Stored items
lemma sum_power_reverse_le:
  fixes g :: real
  assumes "0 \<le> g" and "g < 1"
  shows "(\<Sum>i=1..D. g ^ (D - i)) \<le> 1 / (1 - g)"
proof -
  have "(\<Sum>i=1..D. g ^ (D - i)) = (\<Sum>k<D. g ^ (D - Suc k))"
    using sum.atLeast1_atMost_eq[of "\<lambda>i. g ^ (D - i)" D] by simp
  also have "\<dots> = (\<Sum>k<D. g ^ k)"
    by (rule sum.nat_diff_reindex)
  also have "\<dots> \<le> 1 / (1 - g)"
  proof -
    have "(1 - g) * (\<Sum>k<D. g ^ k) = 1 - g ^ D"
      by (rule one_diff_power_eq[symmetric])
    also have "\<dots> \<le> 1"
      using assms by simp
    finally show ?thesis
      using assms by (simp add: le_divide_eq mult.commute)
  qed
  finally show ?thesis .
qed
lemma act_gen_nth_slot:
  assumes a: "a < length ys" and v: "v \<in> sset (length ys)"
  shows "act_gen bar a ys ! slot (gen a v)
    = (if (gen a v < 0) = (v < 0) then ys ! slot v else bar (ys ! slot v))"
proof -
  have gv: "gen a v \<in> sset (length ys)" by (rule signed_perm_in_sset[OF gen_in_signed_perms[OF a] v])
  then have len: "slot (gen a v) < length ys" "slot v < length ys"
    using v by (simp_all add: slot_less)
  show ?thesis
  proof (cases "a = 0")
    case True
    show ?thesis
    proof (cases "\<bar>v\<bar> = 1")
      case True
      then have "gen a v = - v" "slot (gen a v) = 0" "slot v = 0" "v \<noteq> 0"
        using \<open>a = 0\<close> by (auto simp: gen_apply slot_def)
      then show ?thesis using \<open>a = 0\<close> a len by (auto simp: act_gen_nth)
    next
      case False
      then have "gen a v = v" "slot v \<noteq> 0"
        using \<open>a = 0\<close> v by (auto simp: gen_apply slot_def mem_sset_iff)
      then show ?thesis using \<open>a = 0\<close> a len by (simp add: act_gen_nth)
    qed
  next
    case False
    have "v \<noteq> 0" using v by (auto simp: mem_sset_iff)
    then have "(gen a v < 0) = (v < 0)" using False by (auto simp: gen_apply)
    then show ?thesis using False a len slot_gen[OF False \<open>v \<noteq> 0\<close>] by (simp add: act_gen_nth)
  qed
qed

lemma act_word_nth_slot:
  assumes bar_invol: "\<And>h. bar (bar h) = h"
    and w: "set w \<subseteq> {0..<length xs}" and k: "k \<in> sset (length xs)"
  shows "act_word bar w xs ! slot (word_eval w k)
    = (if word_eval w k < 0 \<longleftrightarrow> k < 0 then xs ! slot k else bar (xs ! slot k))"
  using w
proof (induction w)
  case Nil
  then show ?case by simp
next
  case (Cons a w)
  have "word_eval w k \<in> sset (length xs)"
    using Cons.prems k by (intro signed_perm_in_sset[OF word_eval_in_signed_perms]) auto
  then show ?case
    using act_gen_nth_slot[of a "act_word bar w xs" "word_eval w k" bar] Cons bar_invol by auto
qed


lemma act_word_cong:
  assumes bar_invol: "\<And>h. bar (bar h) = h"
    and w1: "set w1 \<subseteq> {0..<length xs}" and w2: "set w2 \<subseteq> {0..<length xs}"
    and eq: "word_eval w1 = word_eval w2"
  shows "act_word bar w1 xs = act_word bar w2 xs"
proof (rule nth_equalityI)
  fix p assume "p < length (act_word bar w1 xs)"
  then have "int p + 1 \<in> sset (length xs)" by (simp add: mem_sset_iff)
  moreover define k where "k = word_eval (rev w1) (int p + 1)"
  ultimately have k: "k \<in> sset (length xs)"
    using w1 by (auto intro!: signed_perm_in_sset[OF word_eval_in_signed_perms])
  have "word_eval w1 k = int p + 1" "slot (int p + 1) = p" by (simp_all add: k_def slot_def)
  then show "act_word bar w1 xs ! p = act_word bar w2 xs ! p"
    using act_word_nth_slot[OF bar_invol w1 k] act_word_nth_slot[OF bar_invol w2 k] eq by simp
qed simp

= Action item =
Would you set down, word for word, the lines from the opening of the entries above through the line with "g) * (\<Sum>k<D.", both included, and no others?

= Output of the task =
lemma sum_power_reverse_le:
  fixes g :: real
  assumes "0 \<le> g" and "g < 1"
  shows "(\<Sum>i=1..D. g ^ (D - i)) \<le> 1 / (1 - g)"
proof -
  have "(\<Sum>i=1..D. g ^ (D - i)) = (\<Sum>k<D. g ^ (D - Suc k))"
    using sum.atLeast1_atMost_eq[of "\<lambda>i. g ^ (D - i)" D] by simp
  also have "\<dots> = (\<Sum>k<D. g ^ k)"
    by (rule sum.nat_diff_reindex)
  also have "\<dots> \<le> 1 / (1 - g)"
  proof -
    have "(1 - g) * (\<Sum>k<D. g ^ k) = 1 - g ^ D"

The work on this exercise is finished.